For the full year 2006, selling expenses accounted for 14% of net revenues. General and administrative expenses for the fourth quarter 2006 were RMB33 million or $4.2 million, representing an increase of 109% from the fourth quarter 2005. As a percentage of total net revenue, G&A expenses increased to 6.9% in fourth quarter 2006 from 5.1% in the third quarter 2006.

The increase in G&A expense ratio reflects accrual for additional expenses related to costs of being public company, as well as accrual for year-end bonus payment. For the full year 2006, G&A expenses accounted for 5% of net revenues.

R&D expenses for fourth quarter 2006 were RMB46 million or $5.9 million, representing an increase of 26% from third quarter 2006. As a percentage of total net revenues, R&D expenses decreased to 9.6%, from 9.9% in the fourth quarter 2005. For the full year, R&D expenses accounted for 9.8% of net revenues. Our ongoing strategy is to continue to invest approximately 10% of net revenues in R&D activities.

Total share-based compensation expenses, which were allocated to cost of goods sold as well as related operating expenses, increased to RMB6.5 million or $0.8 million in the fourth quarter 2006. In the fourth quarter 2005, we did not incur any share-based compensation charges. For the full year, total share-based compensation expenses were RMB26 million or $3.3 million, compared to RMB71 million reported for the full year 2005.

Fourth quarter 2006 non-GAAP net income increased 65.6% year-over-year to RMB142 million or $18 million. Full year 2006 non-GAAP net income increased 51% to RMB417 million or $53.4 million.

Fourth quarter 2006 non-GAAP basic and diluted earnings per share were RMB1.34 per share or $0.17 per share. For the full year, the non-GAAP diluted EPS were RMB4.33 per share or $0.55 per share.

Lastly, on the business outlook for 2007, we expect total net revenues for the full year 2007 to be in the range of RMB2.12 billion to RMB2.15 billion. Full year 2007 non-GAAP net income is expected to be between RMB570 million to RMB585 million. This translates into RMB5.09 to RMB5.22 per fully diluted share, assuming an estimated 112 million total shares outstanding.

We expect our capital expenditure for 2007 to be approximately RMB435 million. This figure reflects the building of our new R&D centers at our Shenzhen head office, as well as continued expansion of our manufacturing facility. We estimate total share-based compensation expense in 2007 to be approximately RMB37 million, based on the share options that have already been granted as of today.

Total expense and amortization of intangible assets related to the April 2006 acquisition of minority interest will be approximately RMB19 million in 2007.

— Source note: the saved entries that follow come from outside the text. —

lemma delta_segment_telescope:
  fixes g :: "'v \<Rightarrow> real"
  assumes fwd: "\<And>j. dlt c (b j) (b (Suc j)) = g (b (Suc j)) - g (b j)"
    and bwd: "\<And>j. dlt c (b (Suc j)) (b j) = g (b j) - g (b (Suc j))"
    and Q: "Q = map (\<lambda>t. b (i + t)) [0..<Suc m] \<or> Q = rev (map (\<lambda>t. b (i + t)) [0..<Suc m])"
  shows "delta c Q = g (last Q) - g (hd Q)"
proof -
  define Qf where "Qf = map (\<lambda>t. b (i + t)) [0..<Suc m]"
  have Qf_pairs: "\<exists>j. u = b j \<and> v = b (Suc j)" if "(u, v) \<in> set (zip Qf (tl Qf))" for u v
    using that unfolding Qf_def zip_map_upt_tl by auto
  have "real_of_int (delta c Q) = sum_list (map (\<lambda>(u, v). real_of_int (dlt c u v)) (zip Q (tl Q)))"
    unfolding delta_def by (simp add: sum_list_of_int[symmetric] comp_def case_prod_unfold)
  also have "\<dots> = g (last Q) - g (hd Q)"
  proof (rule sum_list_zip_telescope)
    show "Q \<noteq> []" using Q by auto
    fix u v assume uv: "(u, v) \<in> set (zip Q (tl Q))"
    show "real_of_int (dlt c u v) = g v - g u"
    proof (cases "Q = Qf")
      case True
      then show ?thesis using Qf_pairs uv fwd by blast
    next
      case False
      then have "(v, u) \<in> set (zip Qf (tl Qf))"
        using Q in_set_zip_tl_rev[of u v Qf] uv unfolding Qf_def by auto
      then show ?thesis using Qf_pairs bwd by blast
    qed
  qed
  finally show ?thesis .
qed

lemma even_sum_odd_iff_even_card:
  "finite A \<Longrightarrow> \<forall>x\<in>A. odd (h x :: int) \<Longrightarrow> even (sum h A) \<longleftrightarrow> even (card A)"
  by (induction A rule: finite_induct) auto

lemma nth_in_butlast_tl: assumes "0 < i" "i < length L - 1" shows "L ! i \<in> set (butlast (tl L))"
proof -
  have "butlast (tl L) ! (i - 1) = L ! i" using assms by (simp add: nth_butlast nth_tl)
  moreover have "i - 1 < length (butlast (tl L))" using assms by simp
  ultimately show ?thesis by (metis nth_mem)
qed

fun walk :: "'d set \<Rightarrow> ('d \<Rightarrow> 'v) \<Rightarrow> ('d \<Rightarrow> 'd) \<Rightarrow> 'v \<Rightarrow> 'd list \<Rightarrow> 'v \<Rightarrow> bool" where
  "walk D tail rv u [] v \<longleftrightarrow> u = v"
| "walk D tail rv u (d # ps) v \<longleftrightarrow> d \<in> D \<and> tail d = u \<and> walk D tail rv (tail (rv d)) ps v"

fun walk_verts :: "('d \<Rightarrow> 'v) \<Rightarrow> ('d \<Rightarrow> 'd) \<Rightarrow> 'v \<Rightarrow> 'd list \<Rightarrow> 'v list" where
  "walk_verts tail rv u [] = [u]"
| "walk_verts tail rv u (d # ps) = u # walk_verts tail rv (tail (rv d)) ps"

lemma walk_append:
  "walk D tail rv u (ps @ qs) w \<longleftrightarrow> (\<exists>v. walk D tail rv u ps v \<and> walk D tail rv v qs w)"
  by (induction ps arbitrary: u) auto

lemma walk_verts_ne [simp]: "walk_verts tail rv u ps \<noteq> []"
  by (cases ps) auto

lemma last_walk_verts: "walk D tail rv u ps v \<Longrightarrow> last (walk_verts tail rv u ps) = v"
  by (induction ps arbitrary: u) auto

lemma hd_walk_verts: "hd (walk_verts tail rv u ps) = u"
  by (cases ps) auto

lemma length_walk_verts: "length (walk_verts tail rv u ps) = Suc (length ps)"
  by (induction ps arbitrary: u) auto

lemma walk_set: "walk D tail rv u ps v \<Longrightarrow> set ps \<subseteq> D"
  by (induction ps arbitrary: u) auto

lemma walk_nth:
  "walk D tail rv u qs v \<Longrightarrow> j < length qs \<Longrightarrow>
   tail (qs ! j) = walk_verts tail rv u qs ! j \<and> tail (rv (qs ! j)) = walk_verts tail rv u qs ! Suc j"
proof (induction qs arbitrary: u j)
  case (Cons d qs)
  then show ?case by (cases j; cases qs) auto
qed simp

lemma dpath_verts_eq_walk_verts:
  "walk D tail rv u ps v \<Longrightarrow> ps \<noteq> [] \<Longrightarrow> dpath_verts tail rv ps = walk_verts tail rv u ps"
proof (induction ps arbitrary: u)
  case (Cons d ps)
  then show ?case by (cases ps) (auto simp: dpath_verts_def)
qed simp

lemma walk_consecutive:
  "walk D tail rv u ps v \<Longrightarrow> Suc i < length ps \<Longrightarrow> tail (rv (ps ! i)) = tail (ps ! Suc i)"
  using walk_nth[of D tail rv u ps v i] walk_nth[of D tail rv u ps v "Suc i"] by simp

lemma walk_of_consecutive:
  "set ps \<subseteq> D \<Longrightarrow> (\<forall>i. Suc i < length ps \<longrightarrow> tail (rv (ps ! i)) = tail (ps ! Suc i))
   \<Longrightarrow> ps \<noteq> [] \<Longrightarrow> walk D tail rv (tail (hd ps)) ps (tail (rv (last ps)))"
proof (induction ps)
  case (Cons d ps)
  show ?case
  proof (cases ps)
    case (Cons e qs)
    have "\<forall>i. Suc i < length ps \<longrightarrow> tail (rv (ps ! i)) = tail (ps ! Suc i)"
      using Cons.prems(2) by (metis Suc_less_eq length_Cons nth_Cons_Suc)
    moreover have "tail (rv d) = tail (hd ps)" using Cons.prems(2)[rule_format, of 0] \<open>ps = e # qs\<close> by auto
    ultimately show ?thesis using Cons.IH Cons.prems \<open>ps = e # qs\<close> by auto
  qed (use Cons in auto)
qed simp

lemma walk_lipschitz:
  fixes g :: "'v \<Rightarrow> real"
  assumes "walk D tail rv u ps v" "\<forall>d\<in>D. \<bar>g (tail (rv d)) - g (tail d)\<bar> \<le> 1"
  shows "\<bar>g v - g u\<bar> \<le> length ps"
  using assms(1)
proof (induction ps arbitrary: u)
  case (Cons d ps)
  then have "\<bar>g v - g (tail (rv d))\<bar> \<le> length ps" "\<bar>g (tail (rv d)) - g u\<bar> \<le> 1"
    using assms(2) by auto
  then show ?case by simp
qed simp

lemma walk_parity:
  assumes "\<And>d. d \<in> D \<Longrightarrow> side (tail (rv d)) \<longleftrightarrow> \<not> side (tail d)" "walk D tail rv u ps v"
  shows "(side v \<longleftrightarrow> side u) \<longleftrightarrow> even (length ps)"
  using assms(2)
proof (induction ps arbitrary: u)
  case (Cons d ps)
  then have "d \<in> D" "tail d = u" "(side v \<longleftrightarrow> side (tail (rv d))) \<longleftrightarrow> even (length ps)" by auto
  then show ?case using assms(1) by auto
qed simp

lemma walk_suffix:
  "walk D tail rv u ps v \<Longrightarrow> x \<in> set (walk_verts tail rv u ps) \<Longrightarrow>
   \<exists>m\<le>length ps. walk D tail rv x (drop m ps) v"
proof (induction ps arbitrary: u)
  case (Cons d ps)
  show ?case
  proof (cases "x = u")
    case False
    then obtain m where "m \<le> length ps" "walk D tail rv x (drop m ps) v" using Cons by auto
    then show ?thesis by (intro exI[of _ "Suc m"]) auto
  qed (use Cons.prems in \<open>auto intro: exI[of _ 0]\<close>)
qed auto

lemma shorter_walk_if_not_distinct:
  "walk D tail rv u ps v \<Longrightarrow> \<not> distinct (walk_verts tail rv u ps) \<Longrightarrow>
   \<exists>qs. walk D tail rv u qs v \<and> length qs < length ps"
proof (induction ps arbitrary: u)
  case (Cons d ps)
  show ?case
  proof (cases "u \<in> set (walk_verts tail rv (tail (rv d)) ps)")
    case True
    then obtain m where "m \<le> length ps" "walk D tail rv u (drop m ps) v"
      using walk_suffix Cons.prems by force
    then show ?thesis by (intro exI[of _ "drop m ps"]) auto
  next
    case False
    then obtain qs where "walk D tail rv (tail (rv d)) qs v" "length qs < length ps"
      using Cons by auto
    then show ?thesis using Cons.prems by (intro exI[of _ "d # qs"]) auto
  qed
qed simp

lemma walk_first_return:
  "walk D tail rv u ps w \<Longrightarrow> ps \<noteq> [] \<Longrightarrow> w \<in> B \<Longrightarrow>
  \<exists>qs rs c. ps = qs @ rs \<and> qs \<noteq> [] \<and> walk D tail rv u qs c \<and> walk D tail rv c rs w \<and> c \<in> B \<and>
    (\<forall>x\<in>set (butlast (tl (walk_verts tail rv u qs))). x \<notin> B)"
proof (induction ps arbitrary: u)
  case (Cons d ps)
  let ?c1 = "tail (rv d)"
  have w1: "walk D tail rv ?c1 ps w" and dD: "d \<in> D" "tail d = u" using Cons.prems by auto
  show ?case
  proof (cases "?c1 \<in> B")
    case True
    then show ?thesis using w1 dD by (intro exI[of _ "[d]"] exI[of _ ps] exI[of _ ?c1]) auto
  next
    case False
    have "ps \<noteq> []" using False w1 Cons.prems(3) by (cases ps) auto
    then obtain qs rs c where IH: "ps = qs @ rs" "qs \<noteq> []" "walk D tail rv ?c1 qs c"
      "walk D tail rv c rs w" "c \<in> B" "\<forall>x\<in>set (butlast (tl (walk_verts tail rv ?c1 qs))). x \<notin> B"
      using Cons.IH[OF w1 _ Cons.prems(3)] by blast
    obtain rest where "walk_verts tail rv ?c1 qs = ?c1 # rest" "rest \<noteq> []"
      using IH(2) by (cases qs) auto
    then have "butlast (tl (walk_verts tail rv u (d # qs))) = ?c1 # butlast (tl (walk_verts tail rv ?c1 qs))"
      by simp
    then show ?thesis using IH dD False by (intro exI[of _ "d # qs"] exI[of _ rs] exI[of _ c]) auto
  qed
qed simp

section \<open>The boundary of a quadrangulated disk\<close>

locale quad_disk = spherical_map D tail rv sc for D :: "'d set" and tail :: "'d \<Rightarrow> 'v" and rv sc +
  fixes d0 :: 'd
  assumes d0_in: "d0 \<in> D"
    and inj_on_tail_outer: "inj_on tail (outer_face rv sc d0)"
    and card_inner_face: "\<And>d. d \<in> D \<Longrightarrow> d \<notin> outer_face rv sc d0 \<Longrightarrow> card (orb (face_succ rv sc) d) = 4"
begin

abbreviation "outer \<equiv> outer_face rv sc d0"

definition "blen = card outer"
definition "bdart n = (fs ^^ n) d0"
definition "bvtx n = tail (bdart n)"

lemma outer_eq: "outer = orb fs d0" unfolding outer_face_def ..

lemma blen_eq_period: "blen = F.period d0"
  unfolding blen_def outer_eq using F.card_orb[OF d0_in] .

lemma blen_pos: "blen > 0" using blen_eq_period F.period_pos[OF d0_in] by simp

lemma bdart_mod: "bdart n = bdart (n mod blen)"
  unfolding bdart_def blen_eq_period using F.funpow_mod_period[OF d0_in] .

lemma bvtx_mod: "bvtx n = bvtx (n mod blen)" unfolding bvtx_def using bdart_mod by simp

lemma bvtx_add_blen: "bvtx (n + blen) = bvtx n" using bvtx_mod[of "n + blen"] bvtx_mod[of n] by simp

lemma outer_eq_image: "outer = bdart ` {..<blen}"
  unfolding outer_eq blen_eq_period bdart_def using F.orb_eq_image_period[OF d0_in] .

lemma bdart_in_outer: "bdart n \<in> outer"
  unfolding outer_eq bdart_def by (rule F.funpow_in_orb)

lemma bdart_in: "bdart n \<in> D"
  using F.orb_subset[OF d0_in] bdart_in_outer outer_eq by blast

lemma inj_on_bdart: "inj_on bdart {..<blen}"
  unfolding blen_eq_period bdart_def using F.inj_on_funpow_period[OF d0_in] .

lemma inj_on_bvtx: "inj_on bvtx {..<blen}"
  using inj_on_tail_outer inj_on_bdart comp_inj_on[of bdart "{..<blen}" tail]
  unfolding outer_eq_image bvtx_def by (simp add: comp_def)

lemma tail_rv_bdart: "tail (rv (bdart n)) = bvtx (Suc n)"
  unfolding bvtx_def using tail_fs[OF bdart_in] by (simp add: bdart_def)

As a reminder, our practice is to provide guidance on a full-year basis, and this forecast reflects our current and preliminary views, which are subject to change. We will update our investors to basic outlook for the year and for the earnings call.

With this, we have concluded our prepared remarks. Now, I will turn the call over to the operator to begin the Q&A session. Operator?

Question-and-Answer Session

Operator

The question-and-answer session at this conference call will start in a moment. (Operator Instructions). And your first question comes from the line of Bin Li of Merrill Lynch. Please proceed.

Bin Li - Merrill Lynch

Thanks and good morning and good afternoon, everyone. Great quarter. I just have a couple of questions, if I could. First of all, your reported number for the quarter was stronger than your pre-announced number and can you tell us what the main reason is for that?

Joyce Hsu

The pre-announced number was based on the closing of our management account and that was prior to any audit adjustment, as well as the finalization of share-based compensation. As you know, our share-based compensation is performance based, so we couldn't really allocate the final option number until we had the full year results. By the time we had finished such exercise, it was already late January.

Bin Li - Merrill Lynch

Great. And in terms of the guidance for next year, I appreciate that you are providing total revenue guidance and not breaking down the split between China and international market. But I was wondering whether you can provide any more color may be in not the specific number, but how should we think about international growth this year. Would that be consistent with for example '06 growth rate which is roughly 63%, domestic growth rate would be roughly consistent with the '06, 24%?

Joyce Hsu

I think in 2006, international growth rate would be in good proxy of what we are hoping to achieve in 2007.

Bin Li - Merrill Lynch

Okay, what about the domestic 24%?

Joyce Hsu

For domestic businesses, you can note it from our press release earlier today, the domestic business grew roughly around 24% and that this is largely I think the slight underperformance vis-à-vis the previous year. It was largely due to the anti-commercial campaign which we experienced in third quarter and fourth quarter last year and we are hoping to achieve a better growth rate then what we have achieved in 2006.

Bin Li - Merrill Lynch

Okay, great. I will jump back to queue, thanks.

Operator

Your next question comes from the line of Amit Hazan with CIBC Capital. Please proceed.

Amit Hazan - CIBC Capital

Thanks very much and good evening guys. I also just have a couple of questions on guidance which would be if you can help us a little bit with the selling expenses having increased. Is that something that we should continue to model as we go forward into 2007 and likewise if you can make any helpful comment on gross margins and where we should think of those for '07 that would be great?

Joyce Hsu

I think if you look at our, let me answer your second part of the question first. If you look at our gross margin trend for the last three years, it has been very consistent; the last four years have been very consistent. In fact, from '03 to '05, our overall gross margin has been precisely 54.3% for each of these given years. In 2006, we expanded our gross margin to 54.6% for the overall year, and we expect with the introduction of the new products made last year, we will be able to ramp up starting in second quarter of this year. We anticipate it will have a positive impact on our gross margin expansion.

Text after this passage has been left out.